# Feederrute zum Brandungsangeln?



## fireball-mh (22. August 2008)

Hallo,

ich fahre im Oktober nach Dänemark an den Bönnerup Strand an die Ostsee und möchte dort Angeln. Da ich mir nicht unzählige Angelruten zulegen möchte habe ich eine Frage, ob ich eine Feederrute zum Strandangeln einsetzen kann. Ich habe noch keine Rute und denke über einen Kauf nach. Wenn ihr jetz noch einige Ruten mit Rolle und weitere Tipps auf Lager habt, währe ich glücklich.

Viele Grüsse


----------



## BMW (22. August 2008)

*AW: Feederrute zum Brandungsangeln?*

Ich benutze in der Brandung auch gerne meine heavy feeder 4.20m und 150g Tragkraft.
Bei schwachen Winden funktioniert das sehr gut, auch die Bisserkennung ist sehr gut.
Bei starkem Wind komme ich mit meiner feeder jedoch nicht weit und benutze lieber meine Brandungsruten.


----------



## platfisch7000 (23. August 2008)

*AW: Feederrute zum Brandungsangeln?*

Hallo!
Bei Ententeichwetter ist das ne tolle Sache,allerdings nur auf Aalmamis und Platte!

Wenn richtig dickes Wetter und Wasser ist kannst Du das aber vergessen!
Denn bei Krautgang hast du mit dem Rückrad der Rute und den kl.Ringen keine Chance!
Auch kann man hohe Bleigewichte nicht weit werfen!
Bei Dorschen kannst Du mit der Rute wenig bis keinen Druck auf den Fisch ausüben!
Du bekommst Ihn also nicht vom Grund weg und dann solltest Du dich auf Sandgrund befinden,denn sonst setzt er sich fest!

Das Angeln mit ner Feeder kann bei manchen Bedingungen von Vorteil sein und macht viel Spass!
Aber ,wenn Du die von mir genannten schlechteren Bedingungen hast,dann sage ich dir:
"Die billigste Brandungsrute ist hier besser zu fischen ,als die teuerste Heavy Feeder,denn so Heavy ist die nicht!"

Gruß Plattfisch!


----------



## fireball-mh (24. August 2008)

*AW: Feederrute zum Brandungsangeln?*

Hallo,

danke für eure Infos.

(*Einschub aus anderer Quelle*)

(* Let $\phi=\tilde p/p$ be a degree $(n,1)$ rational inner function as in the context, $\alpha\in\mathbb{T}$ and $\gamma\in\mathbb{T}$. Then $\{\gamma\}\times\mathbb{T}\subseteq\mathcal{C}_\alpha$ if and only if $\gamma=\tau_k$ for some $k$ and $\phi^*(\tau_k,\lambda_k)=\alpha$.
   Context: $\mathbb{D}$ is the open unit disk, $\mathbb{T}$ the unit circle. Fix $n\ge1$. Let $p\in\mathbb{C}[z_1,z_2]$ have no zeros on $\mathbb{D}^2$, degree at most $n$ in $z_1$ and at most $1$ in $z_2$, and let $\tilde p(z)=z_1^nz_2\overline{p(1/\bar z_1,1/\bar z_2)}$; assume $\tilde p$ has degree exactly $(n,1)$ and $p,\tilde p$ have no common factor, so $\phi=\tilde p/p$ is a degree $(n,1)$ rational inner function. The zeros of $p$ on $\mathbb{T}^2$ are finitely many points $(\tau_1,\lambda_1),\dots,(\tau_m,\lambda_m)$; the non-tangential limit $\phi^*$ exists and is unimodular at every point of $\mathbb{T}^2$. $\mathcal{C}_\alpha=\{\zeta\in\mathbb{T}^2:\tilde p(\zeta)=\alpha p(\zeta)\}$. *)

theory Defs
  imports "HOL-Analysis.Analysis" "HOL-Computational_Algebra.Polynomial"
begin

text \<open>Polynomials in C[z1,z2] are represented as elements of (C[z1])[z2], i.e. the type
  complex poly poly: the outer variable is z2, the coefficients are polynomials in z1.\<close>

definition ev2 :: "complex poly poly \<Rightarrow> complex \<Rightarrow> complex \<Rightarrow> complex" where
  "ev2 P z1 z2 = poly (map_poly (\<lambda>q. poly q z1) P) z2"

definition bideg_le :: "nat \<Rightarrow> complex poly poly \<Rightarrow> bool" where
  "bideg_le n P \<longleftrightarrow> degree P \<le> 1 \<and> (\<forall>i. degree (coeff P i) \<le> n)"

definition bideg_eq :: "nat \<Rightarrow> complex poly poly \<Rightarrow> bool" where
  "bideg_eq n P \<longleftrightarrow> degree P = 1 \<and> (\<forall>i. degree (coeff P i) \<le> n)
      \<and> (\<exists>i. degree (coeff P i) = n)"

text \<open>The reflection tilde p (z) = z1^n z2 conj(p(1/conj z1, 1/conj z2)), written out on
  coefficients: the coefficient of z1^j z2^k is conj of the coefficient of z1^(n-j) z2^(1-k).\<close>
definition refl_poly :: "nat \<Rightarrow> complex poly poly \<Rightarrow> complex poly poly" where
  "refl_poly n P = (\<Sum>k\<le>1. \<Sum>j\<le>n.
      monom (monom (cnj (coeff (coeff P (1 - k)) (n - j))) j) k)"

definition torus2 :: "(complex \<times> complex) set" where
  "torus2 = {z. cmod (fst z) = 1 \<and> cmod (snd z) = 1}"

definition bidisk :: "(complex \<times> complex) set" where
  "bidisk = {z. cmod (fst z) < 1 \<and> cmod (snd z) < 1}"

definition nt_region :: "real \<Rightarrow> complex \<times> complex \<Rightarrow> (complex \<times> complex) set" where
  "nt_region c \<zeta> = {z \<in> bidisk. norm (z - \<zeta>) < c * (1 - max (cmod (fst z)) (cmod (snd z)))}"

definition nt_tendsto :: "(complex \<times> complex \<Rightarrow> complex) \<Rightarrow> complex \<times> complex \<Rightarrow> complex \<Rightarrow> bool" where
  "nt_tendsto f \<zeta> L \<longleftrightarrow> (\<forall>c>0. (f \<longlongrightarrow> L) (at \<zeta> within nt_region c \<zeta>))"

definition nt_limit :: "(complex \<times> complex \<Rightarrow> complex) \<Rightarrow> complex \<times> complex \<Rightarrow> complex" where
  "nt_limit f \<zeta> = (THE L. nt_tendsto f \<zeta> L)"

definition rif :: "nat \<Rightarrow> complex poly poly \<Rightarrow> complex \<times> complex \<Rightarrow> complex" where
  "rif n P z = ev2 (refl_poly n P) (fst z) (snd z) / ev2 P (fst z) (snd z)"

definition clevel :: "nat \<Rightarrow> complex poly poly \<Rightarrow> complex \<Rightarrow> (complex \<times> complex) set" where
  "clevel n P \<alpha> = {\<zeta> \<in> torus2. ev2 (refl_poly n P) (fst \<zeta>) (snd \<zeta>) = \<alpha> * ev2 P (fst \<zeta>) (snd \<zeta>)}"

end

theory Submission
  imports Defs
begin

(* Write P(z1,z2) = A(z1) + B(z1) z2, let R be the reflection of P, a = A(gamma) and b = B(gamma).
   On the circle |gamma| = 1 the slices are P(gamma,z) = a + b z and
   R(gamma,z) = gamma^n (conj b + conj a z), and coprimality of P and R rules out a = b = 0.
   The vertical circle lies in C_alpha iff R(gamma,.) = alpha P(gamma,.); this forces b <> 0
   and |a| = |b|, so P(gamma,.) vanishes exactly at mu = -a/b, a point of the circle.
   Conversely, at a zero (gamma,mu) of P on the torus the two slices are proportional,
   R(gamma,.) = c P(gamma,.), and it remains to show that the non-tangential limit of R/P
   at (gamma,mu) is c. Along the segment t -> (gamma (1-t), mu (1 - l t)) both P and R vanish
   to first order, so R/P tends to the quotient of their derivatives, which has the form
   (u + l c e)/(v + l e) with e = mu b <> 0. As the limit cannot depend on the slope l, it is c. *)

lemma ev2_degree_le_1:
  assumes "degree Q \<le> 1"
  shows "ev2 Q z1 z2 = poly (coeff Q 0) z1 + poly (coeff Q 1) z1 * z2"
proof -
  have "Q = [:coeff Q 0, coeff Q 1:]"
    using assms by (intro poly_eqI) (auto simp: coeff_pCons coeff_eq_0 split: nat.split)
  then have "ev2 Q z1 z2 = ev2 [:coeff Q 0, coeff Q 1:] z1 z2" by simp
  then show ?thesis
    by (simp add: ev2_def map_poly_pCons)
qed

lemma ev2_map_pderiv_degree_le_1:
  assumes "degree Q \<le> 1"
  shows "ev2 (map_poly pderiv Q) z1 z2 = poly (pderiv (coeff Q 0)) z1 + poly (pderiv (coeff Q 1)) z1 * z2"
  using ev2_degree_le_1[OF order.trans[OF map_poly_degree_leq assms]]
  by (simp add: coeff_map_poly)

Habt ihr einen Vorschlag für eine Brandungsrute incl. Rolle?


----------



## BMW (24. August 2008)

*AW: Feederrute zum Brandungsangeln?*

Guck doch einfach mal hier rein.
http://www.anglerboard.de/board/showthread.php?t=135385


----------



## platfisch7000 (24. August 2008)

*AW: Feederrute zum Brandungsangeln?*

Hallo!
Es hört sich so an als hast Du kein Brandungsgeschirr und willst nur mal in Deinem Urlaub an der Ostsee ein bischen Brandungsangeln!?
Kannst du dir kein Geschirr leihen?
Feeder kannste ja mitnehmen!
Eine Boilierute um die 3 lbs auch!
Wenn Du Dir kein Geschirr leihen willst oder kannst,dann ist das nicht so einfach!
Wenn Du Dir jetzt son Knüppel für 30 Euro kaufst und dazu ne Rolle für 30 Euro,dann kommst Du wohl mit ein paar schönen Stunden über Deinen Urlaub!
Aber wenn Du dann gefallen gefunden hast und weiterhin in der Brandung angeln willst,ist das Geld zum Fenster raus geworfen!
Eine gute Brandungsrolle kostet ab 200 Euro und eine Rute noch mal das selbe!


Gruß Plattfisch


----------



## FelixSch (25. August 2008)

*AW: Feederrute zum Brandungsangeln?*

Leider hat der Platte da recht.
Ein vernünftiger Prügel ist wirklich etwas wert, leider auch nicht ganz billig. Aber wenn du auf den Geschmack gekommen bist (und glaub mir, die Allermeisten packt das Fieber ganz schnell) dann willst du etwas besseres haben und die Kombo, die du dann schon hast, verstaubt dir nur in der Ecke.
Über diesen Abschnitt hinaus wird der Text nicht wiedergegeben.